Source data
○ ○ ○

(* For every integer $n\ge 1$, the combinatorial neural codes $S_n$ and $P(2_n)$ are $1$-inductively pierced.
   Context: A combinatorial neural code on $m$ neurons is a set $\mathcal{C}\subseteq\{0,1\}^m$ containing the all-zeros word. Its abstract description is $\mathcal{D}=(\mathcal{L},\mathcal{Z})$ with curve labels $\mathcal{L}=\{\lambda_1,\dots,\lambda_m\}$ and zones $\mathcal{Z}=\{\{\lambda_i : c_i=1\} : c\in\mathcal{C}\}\subseteq 2^{\mathcal{L}}$ (so $\emptyset\in\mathcal{Z}$). An Euler diagram (a collection of labelled simple closed curves in the plane, zones being the nonempty regions $\bigcap_{\lambda_i\in Z}U_i\cap\bigcap_{\lambda_j\notin Z}U_j^c$ with $U_i$ the interior of $\lambda_i$) realizes $\mathcal{D}$ if its labels and zones are those of $\mathcal{D}$; it is well-formed if each label is used exactly once, curves meet in finitely many points, each point of the plane is passed through at most twice by the curves, and each zone is connected. $\mathcal{D}$ is well-formed if it has a well-formed realization. For $\lambda\in\mathcal{L}$ let $\mathcal{X}_\lambda=\{Z\in\mathcal{Z}:\lambda\in Z\}$. For $Z\in\mathcal{Z}$ and $\Lambda\subseteq\mathcal{L}$ with $Z\cap\Lambda=\emptyset$ let $\mathcal{Y}_{Z,\Lambda}=\{Z\cup\Lambda' : \Lambda'\subseteq\Lambda\}$. Given distinct labels $\Lambda=\{\lambda_1,\dots,\lambda_k\}\subseteq\mathcal{L}$, a label $\lambda_{k+1}\in\mathcal{L}$ is a $k$-piercing of $\Lambda$ in $\mathcal{D}$ if there is a zone $Z\in\mathcal{Z}$ with (1) $\lambda_i\notin Z$ for all $i\le k+1$, (2) $\mathcal{X}_{\lambda_{k+1}}=\mathcal{Y}_{Z\cup\{\lambda_{k+1}\},\Lambda}$, and (3) $\mathcal{Y}_{Z,\Lambda}\subseteq\mathcal{Z}$. The removal of $\lambda$ is $\mathcal{D}\setminus\lambda=(\mathcal{L}\setminus\{\lambda\},\{Z\setminus\{\lambda\}:Z\in\mathcal{Z}\})$. Recursively, $(\emptyset,\{\emptyset\})$ is $k$-inductively pierced for all $k$, and $\mathcal{D}$ is $k$-inductively pierced if it has a $j$-piercing $\lambda$ (of some set of $j$ labels) for some $j\in\{0,\dots,k\}$ such that $\mathcal{D}\setminus\lambda$ is $k$-inductively pierced. A code is $k$-inductively pierced if it has a well-formed abstract description that is $k$-inductively pierced. Codes: with $e_i\in\mathbb{R}^{n+1}$ the standard basis vectors, $S_n=\{0,s_1,\dots,s_{2n}\}$ where $s_i=e_1+e_{i+1}+e_{n+1}$ for $1\le i<n$, $s_n=e_1+e_{n+1}$, $s_i=e_{i+1-n}+e_{n+1}$ for $n<i<2n$, $s_{2n}=e_{n+1}$. The code $P(2_n)\subseteq\{0,1\}^{2n+1}$ consists of the zero word together with the columns of the $(2n+1)\times(3n+1)$ matrix $M_n$ whose columns, for $i=0,\dots,n-1$, are: column $3i+1$ equal to $e_{2i+1}+e_{2n+1}$, column $3i+2$ equal to $e_{2i+1}+e_{2i+2}+e_{2n+1}$, column $3i+3$ equal to $e_{2i+2}+e_{2n+1}$, and column $3n+1$ equal to $e_{2n+1}$ (here $e_i\in\mathbb{R}^{2n+1}$). (Equivalently, the first $3n$ columns are $A\oplus\cdots\oplus A$ with $A=\begin{bmatrix}1&1&0\\0&1&1\end{bmatrix}$, with a row of ones appended.) *)

theory Defs
  imports "HOL-Analysis.Analysis"
begin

○ ○ ○

Exercise brief
All entries must be printed exactly, with nothing omitted.

Exercise result
(* For every integer $n\ge 1$, the combinatorial neural codes $S_n$ and $P(2_n)$ are $1$-inductively pierced.
   Context: A combinatorial neural code on $m$ neurons is a set $\mathcal{C}\subseteq\{0,1\}^m$ containing the all-zeros word. Its abstract description is $\mathcal{D}=(\mathcal{L},\mathcal{Z})$ with curve labels $\mathcal{L}=\{\lambda_1,\dots,\lambda_m\}$ and zones $\mathcal{Z}=\{\{\lambda_i : c_i=1\} : c\in\mathcal{C}\}\subseteq 2^{\mathcal{L}}$ (so $\emptyset\in\mathcal{Z}$). An Euler diagram (a collection of labelled simple closed curves in the plane, zones being the nonempty regions $\bigcap_{\lambda_i\in Z}U_i\cap\bigcap_{\lambda_j\notin Z}U_j^c$ with $U_i$ the interior of $\lambda_i$) realizes $\mathcal{D}$ if its labels and zones are those of $\mathcal{D}$; it is well-formed if each label is used exactly once, curves meet in finitely many points, each point of the plane is passed through at most twice by the curves, and each zone is connected. $\mathcal{D}$ is well-formed if it has a well-formed realization. For $\lambda\in\mathcal{L}$ let $\mathcal{X}_\lambda=\{Z\in\mathcal{Z}:\lambda\in Z\}$. For $Z\in\mathcal{Z}$ and $\Lambda\subseteq\mathcal{L}$ with $Z\cap\Lambda=\emptyset$ let $\mathcal{Y}_{Z,\Lambda}=\{Z\cup\Lambda' : \Lambda'\subseteq\Lambda\}$. Given distinct labels $\Lambda=\{\lambda_1,\dots,\lambda_k\}\subseteq\mathcal{L}$, a label $\lambda_{k+1}\in\mathcal{L}$ is a $k$-piercing of $\Lambda$ in $\mathcal{D}$ if there is a zone $Z\in\mathcal{Z}$ with (1) $\lambda_i\notin Z$ for all $i\le k+1$, (2) $\mathcal{X}_{\lambda_{k+1}}=\mathcal{Y}_{Z\cup\{\lambda_{k+1}\},\Lambda}$, and (3) $\mathcal{Y}_{Z,\Lambda}\subseteq\mathcal{Z}$. The removal of $\lambda$ is $\mathcal{D}\setminus\lambda=(\mathcal{L}\setminus\{\lambda\},\{Z\setminus\{\lambda\}:Z\in\mathcal{Z}\})$. Recursively, $(\emptyset,\{\emptyset\})$ is $k$-inductively pierced for all $k$, and $\mathcal{D}$ is $k$-inductively pierced if it has a $j$-piercing $\lambda$ (of some set of $j$ labels) for some $j\in\{0,\dots,k\}$ such that $\mathcal{D}\setminus\lambda$ is $k$-inductively pierced. A code is $k$-inductively pierced if it has a well-formed abstract description that is $k$-inductively pierced. Codes: with $e_i\in\mathbb{R}^{n+1}$ the standard basis vectors, $S_n=\{0,s_1,\dots,s_{2n}\}$ where $s_i=e_1+e_{i+1}+e_{n+1}$ for $1\le i<n$, $s_n=e_1+e_{n+1}$, $s_i=e_{i+1-n}+e_{n+1}$ for $n<i<2n$, $s_{2n}=e_{n+1}$. The code $P(2_n)\subseteq\{0,1\}^{2n+1}$ consists of the zero word together with the columns of the $(2n+1)\times(3n+1)$ matrix $M_n$ whose columns, for $i=0,\dots,n-1$, are: column $3i+1$ equal to $e_{2i+1}+e_{2n+1}$, column $3i+2$ equal to $e_{2i+1}+e_{2i+2}+e_{2n+1}$, column $3i+3$ equal to $e_{2i+2}+e_{2n+1}$, and column $3n+1$ equal to $e_{2n+1}$ (here $e_i\in\mathbb{R}^{2n+1}$). (Equivalently, the first $3n$ columns are $A\oplus\cdots\oplus A$ with $A=\begin{bmatrix}1&1&0\\0&1&1\end{bmatrix}$, with a row of ones appended.) *)

theory Defs
  imports "HOL-Analysis.Analysis"
begin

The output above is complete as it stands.